Opinion: State budget is more bitter than sweet

Publisher’s note: This editorial is from the June 28, 2011, Sacramento Bee.

Judged purely on the straitjacket they’ve been forced to wear, Democrats were on their way Tuesday toward making the best of some bad budget choices.

Yet judged on California’s needs and ambitions, there isn’t much to celebrate. Our standing as a state that invests in its future and protects its most vulnerable is about to take a horrible beating.

It could have turned out differently. Republicans and Democrats could have found common ground on a combination of spending cuts, budget reforms and tax extensions. They could have acted like true public servants.

Yet all the posturing and no-tax pledges and pressure from vested interests poisoned whatever common ground might have existed. This week, Gov. Jerry Brown and his party decided there was no deal to be cut with GOP lawmakers, whose votes were needed for tax extensions. So Democrats came up with a Plan B that cut the minority out of the action.
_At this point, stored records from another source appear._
definition Cf :: "nat \<Rightarrow> nat \<Rightarrow> real \<Rightarrow> real \<Rightarrow> real \<Rightarrow> nat \<Rightarrow> nat \<Rightarrow> real \<Rightarrow> real" where
  "Cf i N p lam mu j n x = (if i = 1 then C1 N p lam mu j n x else C2 N p lam mu j n x)"
definition Df :: "nat \<Rightarrow> nat \<Rightarrow> real \<Rightarrow> real \<Rightarrow> real \<Rightarrow> nat \<Rightarrow> nat \<Rightarrow> real \<Rightarrow> real" where
  "Df i N p lam mu j n x = (if i = 1 then D1 N p lam mu j n x else D2 N p lam mu j n x)"
definition Ef :: "nat \<Rightarrow> nat \<Rightarrow> real \<Rightarrow> real \<Rightarrow> real \<Rightarrow> nat \<Rightarrow> nat \<Rightarrow> real \<Rightarrow> real" where
  "Ef i N p lam mu j n x = (if i = 1 then E1 N p lam mu j n x else E2 N p lam mu j n x)"
definition Ff :: "nat \<Rightarrow> nat \<Rightarrow> real \<Rightarrow> real \<Rightarrow> real \<Rightarrow> nat \<Rightarrow> nat \<Rightarrow> real \<Rightarrow> real" where
  "Ff i N p lam mu j n x = (if i = 1 then F1 N p lam mu j n x else F2 N p lam mu j n x)"

definition Theta :: "nat \<Rightarrow> real \<Rightarrow> real \<Rightarrow> real \<Rightarrow> nat \<Rightarrow> nat \<Rightarrow> real \<Rightarrow> real" where
  "Theta N p lam mu j n x = x * (C1 N p lam mu j n x * D2 N p lam mu j n x
                                 - C2 N p lam mu j n x * D1 N p lam mu j n x)"

definition Lam :: "nat \<Rightarrow> real \<Rightarrow> real \<Rightarrow> real \<Rightarrow> nat \<Rightarrow> nat \<Rightarrow> real \<Rightarrow> nat \<Rightarrow> nat \<Rightarrow> real" where
  "Lam N p lam mu j n x i k = (-1) ^ k *
     (Ef k N p lam mu j n x * Df i N p lam mu j n x - Ff k N p lam mu j n x * Cf i N p lam mu j n x)"

text \<open>The only denominators depending on x are [x]_{j+1} and [x-N]_{j+1} (from A_n(x,0),
  A_n(x,N), B_n(x,0), B_n(x,N)); a point is admissible if neither vanishes.
  Theta_n is defined at x iff x is admissible; Lambda_n(.;i,k) is defined at x iff
  x and x-1 are admissible.\<close>
definition admissible :: "nat \<Rightarrow> nat \<Rightarrow> real \<Rightarrow> bool" where
  "admissible N j x \<longleftrightarrow> ffac x (j + 1) \<noteq> 0 \<and> ffac (x - real N) (j + 1) \<noteq> 0"

end

(*
  The Kravchuk-Sobolev polynomial is K_n minus a combination of the two reproducing kernels
  K_{n-1}^{(0,j)}(x,0) and K_{n-1}^{(0,j)}(x,N), with weights fixed by Cramer's rule.
  The Christoffel-Darboux formula writes (x - y) K_{n-1}^{(0,0)}(x,y) in terms of K_n and K_{n-1},
  and a discrete Leibniz rule for Delta^j of a quotient by the linear factor x - y turns this into
  K_{n-1}^{(0,j)}(x,y) = A_n(x,y) K_n(x) + B_n(x,y) K_{n-1}(x); hence
  KS_n = C_{1,n} K_n + D_{1,n} K_{n-1}.  The structure relation
  x nabla K_m = m K_m + m p (N - m + 1) K_{m-1} and the three-term recurrence express
  x nabla KS_n, KS_{n-1} and x nabla KS_{n-1} in the same basis {K_n, K_{n-1}}; solving the
  resulting 2x2 system gives the first-order equations
    Theta_n nabla KS_n     = - Lambda_n(2,1) KS_n + Lambda_n(1,1) KS_{n-1},
    Theta_n nabla KS_{n-1} =   Lambda_n(2,2) KS_n - Lambda_n(1,2) KS_{n-1}.
  Eliminating KS_{n-1} between them at x and x - 1 gives the second-order equation.
*)

theory Submission
  imports Defs "HOL-Analysis.Convex"
begin

subsection \<open>Finite differences\<close>

lemma fdiffn_0 [simp]: "fdiffn 0 f = f"
  unfolding fdiffn_def by simp

lemma fdiffn_Suc: "fdiffn (Suc j) f t = fdiffn j f (t + 1) - fdiffn j f t"
  unfolding fdiffn_def fdiff_def by simp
Republicans gained nothing – no pension reforms, no regulatory reforms, no spending cap – even though their constituents will share in the pain.

It is ugliness heaped upon ugliness. More cuts to higher education, driving up tuition costs. More cuts to Healthy Families. Less help for children whose parents are trying to find jobs. Less help for the developmentally disabled. More cuts to the judiciary. The list goes on and on.